By Kevin Arst and Mike Milani
August 29, 2007

Successful patent licensing transactions provide 'win-win' outcomes for both the licensor and the licensee; that is, both negotiating parties realize a benefit under the consummated transaction. However, defining mutually agreeable terms and royalty structures can present challenges for licensors and licensees alike, particularly when the commercial potential for the patents under consideration is unproven or unknown at the time of the negotiation. The dilemma of successfully pricing early stage technology is further exacerbated when one or both of the negotiating parties are resource constrained or lack experience in the relevant market. The authors propose that the application of derivative provisions, such as those commonly found in the financial markets, to patent license agreements may mitigate licensing risk and provide attractive alternatives to those interested in altering the inherent tradeoffs of traditional licensing structures.

Derivative Instruments

In the financial marketplace, securities instruments may be broadly characterized as fundamental, underlying assets, such as stocks and bonds, or derivative assets, such as options. As their name implies, derivatives are financial instruments that derive their value and payoffs from underlying assets. Two common forms of derivatives are call options and put options.

The owner of a call option has the right, but not obligation, to buy the underlying asset at a predetermined strike price within a specified time period. For example, a one-year call option on one share of IBM stock with a strike price of $100 would provide its owner with the right, but not obligation, to buy the IBM stock for $100 for a period of one year. If over the course of the ensuing year, the price of IBM stock appreciated to $120 per share, the call option would be 'exercised' by its owner, netting $20 of profit (i.e., the $120 stock would be bought for only $100 under the terms of the call option). Alternatively, if over the course of the ensuing year, the price of IBM stock fell to $80 per share, the call option would not be exercised by its owner; rather, the call option would expire worthless.

Conversely, the owner of a put option has the right, but not obligation, to sell the underlying asset at a predetermined strike price within a specified time period. For example, a one-year put option on one share of IBM stock with a strike price of $100 would provide its owner with the right, but not obligation, to sell the IBM stock for $100 for a period of one year. If over the course of the ensuing year, the price of IBM stock fell to $80 per share, the put option would be exercised by its owner, netting $20 of profit (i.e., the $80 stock would be sold for $100 under the terms of the put option). Alternatively, if over the course of the ensuing year, the price of IBM stock appreciated to $120 per share, the put option would not be exercised by its owner; rather, the put option would expire worthless.

Call and put options are commonly used in the financial markets to manage the risk and uncertainty associated with owning underlying assets. The owner of IBM stock could 'insure' his investment in IBM stock by buying a put option that would allow for the sale of the stock at a 'locked-in' price in the event of a market downturn. The same owner could buy a call option to preserve his ability to purchase IBM stock in the future at a 'locked-in' price in the event of a market upswing. Similar strategies for risk transfer and management could be employed by licensing professionals and technology managers in order to mitigate the uncertainty associated with licensing early stage technology.
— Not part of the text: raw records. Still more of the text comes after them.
lemma totient_prime_mult:
  assumes "prime p"
  shows "totient (p * n) = (if p dvd n then p else p - 1) * totient n"
proof (cases "p dvd n")
  case True
  then have "gcd p n = p" by (simp add: gcd_nat.absorb1)
  moreover have "p - 1 > 0" using prime_gt_1_nat[OF assms] by simp
  ultimately show ?thesis
    using True totient_mult[of p n] totient_prime[OF assms] by simp
next
  case False
  then have "coprime p n" using assms by (simp add: prime_imp_coprime)
  then show ?thesis using False totient_mult_coprime totient_prime[OF assms] by simp
qed

lemma powr_le_powr_of_le_min:
  fixes x t r s :: real
  assumes "1 \<le> t" "t \<le> x" "s \<le> min 0 r"
  shows "x powr s \<le> t powr r"
proof (cases "r \<ge> 0")
  case True
  have "x powr s \<le> x powr 0" using assms by (intro powr_mono) auto
  also have "\<dots> = t powr 0" using assms by simp
  also have "\<dots> \<le> t powr r" using True assms by (intro powr_mono) auto
  finally show ?thesis .
next
  case False
  have "x powr s \<le> x powr r" using assms by (intro powr_mono) auto
  also have "\<dots> \<le> t powr r" using False assms by (intro powr_mono2') auto
  finally show ?thesis .
qed

lemma g_fun_eq_sum:
  "g_fun r s k j = (\<Sum>i | i dvd j. moebius_mu i * (real (k * i) powr s / real (totient (k * i)) powr r))"
  unfolding g_fun_def times_divide_eq_right ..

lemma g_fun_prime_power_mult:
  assumes p: "prime p" and j: "\<not> p dvd j" "j > 0" and a: "a > 0"
  shows "g_fun r s k (p ^ a * j)
       = (1 - real p powr s / real (if p dvd k then p else p - 1) powr r) * g_fun r s k j"
proof -
  define w where "w m = real m powr s / real (totient m) powr r" for m
  define c where "c = real p powr s / real (if p dvd k then p else p - 1) powr r"
  have ratio: "w (k * (p * i)) = c * w (k * i)" if "i dvd j" for i
  proof -
    have "\<not> p dvd i" using that j dvd_trans by blast
    then have "totient (p * (k * i)) = (if p dvd k then p else p - 1) * totient (k * i)"
      using p by (simp add: totient_prime_mult prime_dvd_mult_iff)
    then show ?thesis
      by (simp add: w_def c_def powr_mult mult.left_commute[of k p])
  qed
  have "(\<Sum>i | i dvd j. moebius_mu i * (w (k * i) - w (k * (p * i))))
      = (\<Sum>i | i dvd j. (1 - c) * (moebius_mu i * w (k * i)))"
    using ratio by (intro sum.cong) (auto simp: algebra_simps)
  then show ?thesis
    unfolding g_fun_eq_sum w_def[symmetric] sum_dvd_moebius_prime_power_mult[OF p j a] c_def[symmetric]
    by (simp add: sum_distrib_left)
qed

lemma g_fun_nonneg:
  assumes "s \<le> min 0 r" "j > 0"
  shows "g_fun r s k j \<ge> 0"
  using assms(2)
proof (induction j rule: prime_power_coprime_induct)
  case one
  then show ?case by (simp add: g_fun_eq_sum)
next
  case (prime_power_mult p a j)
  define t where "t = real (if p dvd k then p else p - 1)"
  have "real p powr s \<le> t powr r"
    unfolding t_def using prime_ge_2_nat[OF prime_power_mult(1)] assms(1)
    by (intro powr_le_powr_of_le_min) auto
  moreover have "t powr r > 0"
    unfolding t_def using prime_ge_2_nat[OF prime_power_mult(1)] by simp
  ultimately have "1 - real p powr s / t powr r \<ge> 0"
    by (simp add: divide_le_eq_1)
  moreover have "g_fun r s k (p ^ a * j) = (1 - real p powr s / t powr r) * g_fun r s k j"
    unfolding t_def using prime_power_mult by (intro g_fun_prime_power_mult) auto
  ultimately show ?case
    using prime_power_mult.IH by simp
qed

lemma sum_mult_mono_nonneg_weights:
  fixes c f g :: "'a \<Rightarrow> real"
  assumes "finite S" and "\<And>k. k \<in> S \<Longrightarrow> c k \<ge> 0" and "\<And>k. k \<in> S \<Longrightarrow> g k \<le> f k"
  shows "(\<Sum>k\<in>S. c k * g k) \<le> (\<Sum>k\<in>S. c k * f k)"
    and "(\<Sum>k\<in>S. c k * f k) = (\<Sum>k\<in>S. c k * g k) \<longleftrightarrow> (\<forall>k\<in>S. c k \<noteq> 0 \<longrightarrow> f k = g k)"
proof -
  have diff: "(\<Sum>k\<in>S. c k * f k) - (\<Sum>k\<in>S. c k * g k) = (\<Sum>k\<in>S. c k * (f k - g k))"
    by (simp add: sum_subtractf right_diff_distrib)
  have nonneg: "c k * (f k - g k) \<ge> 0" if "k \<in> S" for k
    using assms(2,3)[OF that] by simp
  then have "(\<Sum>k\<in>S. c k * (f k - g k)) \<ge> 0"
    by (rule sum_nonneg)
  then show "(\<Sum>k\<in>S. c k * g k) \<le> (\<Sum>k\<in>S. c k * f k)"
    using diff by linarith
  have "(\<Sum>k\<in>S. c k * f k) = (\<Sum>k\<in>S. c k * g k) \<longleftrightarrow> (\<Sum>k\<in>S. c k * (f k - g k)) = 0"
    using diff by linarith
  also have "\<dots> \<longleftrightarrow> (\<forall>k\<in>S. c k * (f k - g k) = 0)"
    using assms(1) nonneg by (rule sum_nonneg_eq_0_iff)
  also have "\<dots> \<longleftrightarrow> (\<forall>k\<in>S. c k \<noteq> 0 \<longrightarrow> f k = g k)"
    by auto
  finally show "(\<Sum>k\<in>S. c k * f k) = (\<Sum>k\<in>S. c k * g k) \<longleftrightarrow> (\<forall>k\<in>S. c k \<noteq> 0 \<longrightarrow> f k = g k)" .
qed

theorem lemma2p2:
  fixes A B :: "nat \<Rightarrow> real" and r s :: real
  assumes hAB: "\<And>n. n > 0 \<Longrightarrow> (\<Sum>m | m dvd n. A m) = B n"
    and hs: "s \<le> min 0 r"
  shows "\<forall>n>0.
    (\<Sum>m | m dvd n. real m powr s / real (totient m) powr r * A m)
       = (\<Sum>k | k dvd n. g_fun r s k (n div k) * B k)
    \<and> (\<forall>\<alpha> \<beta> :: nat \<Rightarrow> real.
         (\<forall>N>0. \<alpha> N > 0 \<and> \<beta> N > 0) \<longrightarrow>
         (\<forall>N>0. \<beta> N = (\<Sum>m | m dvd N. \<alpha> m)) \<longrightarrow>
         (\<forall>k. k dvd n \<longrightarrow> B k \<ge> \<beta> k) \<longrightarrow>
         ((\<Sum>m | m dvd n. real m powr s / real (totient m) powr r * A m)
            \<ge> (\<Sum>m | m dvd n. real m powr s / real (totient m) powr r * \<alpha> m)
          \<and> ((\<Sum>m | m dvd n. real m powr s / real (totient m) powr r * A m)
               = (\<Sum>m | m dvd n. real m powr s / real (totient m) powr r * \<alpha> m)
             \<longleftrightarrow> (\<forall>k. k dvd n \<and> g_fun r s k (n div k) \<noteq> 0 \<longrightarrow> B k = \<beta> k))))"
proof (intro allI impI conjI)
  fix n :: nat assume n: "n > 0"
  have transform: "(\<Sum>m | m dvd n. real m powr s / real (totient m) powr r * X m)
      = (\<Sum>k | k dvd n. g_fun r s k (n div k) * Y k)"
    if "\<And>N. N > 0 \<Longrightarrow> (\<Sum>m | m dvd N. X m) = Y N" for X Y
    unfolding g_fun_eq_sum by (rule sum_dvd_weighted_moebius_inversion[OF that n])
  show transform_A: "(\<Sum>m | m dvd n. real m powr s / real (totient m) powr r * A m)
      = (\<Sum>k | k dvd n. g_fun r s k (n div k) * B k)"
    by (rule transform[OF hAB])
  fix \<alpha> \<beta> :: "nat \<Rightarrow> real"
  assume \<alpha>\<beta>: "\<forall>N>0. \<beta> N = (\<Sum>m | m dvd N. \<alpha> m)" and B_ge: "\<forall>k. k dvd n \<longrightarrow> B k \<ge> \<beta> k"
  have transform_\<alpha>: "(\<Sum>m | m dvd n. real m powr s / real (totient m) powr r * \<alpha> m)
      = (\<Sum>k | k dvd n. g_fun r s k (n div k) * \<beta> k)"
    by (rule transform) (use \<alpha>\<beta> in auto)
  have "finite {k. k dvd n}" "\<And>k. k \<in> {k. k dvd n} \<Longrightarrow> g_fun r s k (n div k) \<ge> 0"
    "\<And>k. k \<in> {k. k dvd n} \<Longrightarrow> \<beta> k \<le> B k"
    using n hs B_ge by (auto intro!: g_fun_nonneg elim: dvdE)
  note mono = sum_mult_mono_nonneg_weights[OF this]
  show "(\<Sum>m | m dvd n. real m powr s / real (totient m) powr r * A m)
      \<ge> (\<Sum>m | m dvd n. real m powr s / real (totient m) powr r * \<alpha> m)"
    unfolding transform_A transform_\<alpha> by (rule mono(1))
  show "(\<Sum>m | m dvd n. real m powr s / real (totient m) powr r * A m)
      = (\<Sum>m | m dvd n. real m powr s / real (totient m) powr r * \<alpha> m)
    \<longleftrightarrow> (\<forall>k. k dvd n \<and> g_fun r s k (n div k) \<noteq> 0 \<longrightarrow> B k = \<beta> k)"
    unfolding transform_A transform_\<alpha> using mono(2) by auto
qed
Existing Patent License Structures

Typical patent license royalty structures ' comprised of some combination of lump sum and/or running-royalties ' confront would-be licensors and licensees with uncertainty and tradeoffs. Under a lump sum structure, the licensor would receive upfront royalty compensation but would not participate in future success of the licensed technology. In this scenario, the licensee would bear the risk and rewards associated with the future commercialization of the technology, and the licensor's payoff would remain fixed irrespective of the future commercial success or failure of the licensed technology. Conversely, under a running-royalty structure, the licensor would receive ongoing royalty compensation in the event of a successful technology commercialization, but would also bear the risk of payment default in the event of an unsuccessful commercialization. Traditionally, licensors and licensees have attempted to manage the lump sum/running royalty tradeoff by negotiating additional payment provisions, such as guaranteed maximum or minimum payments, periodic milestone payments, or equity-based compensation. However, as will be discussed below, the authors propose that such provisions do not provide as comprehensive a solution as a derivative-based license structure.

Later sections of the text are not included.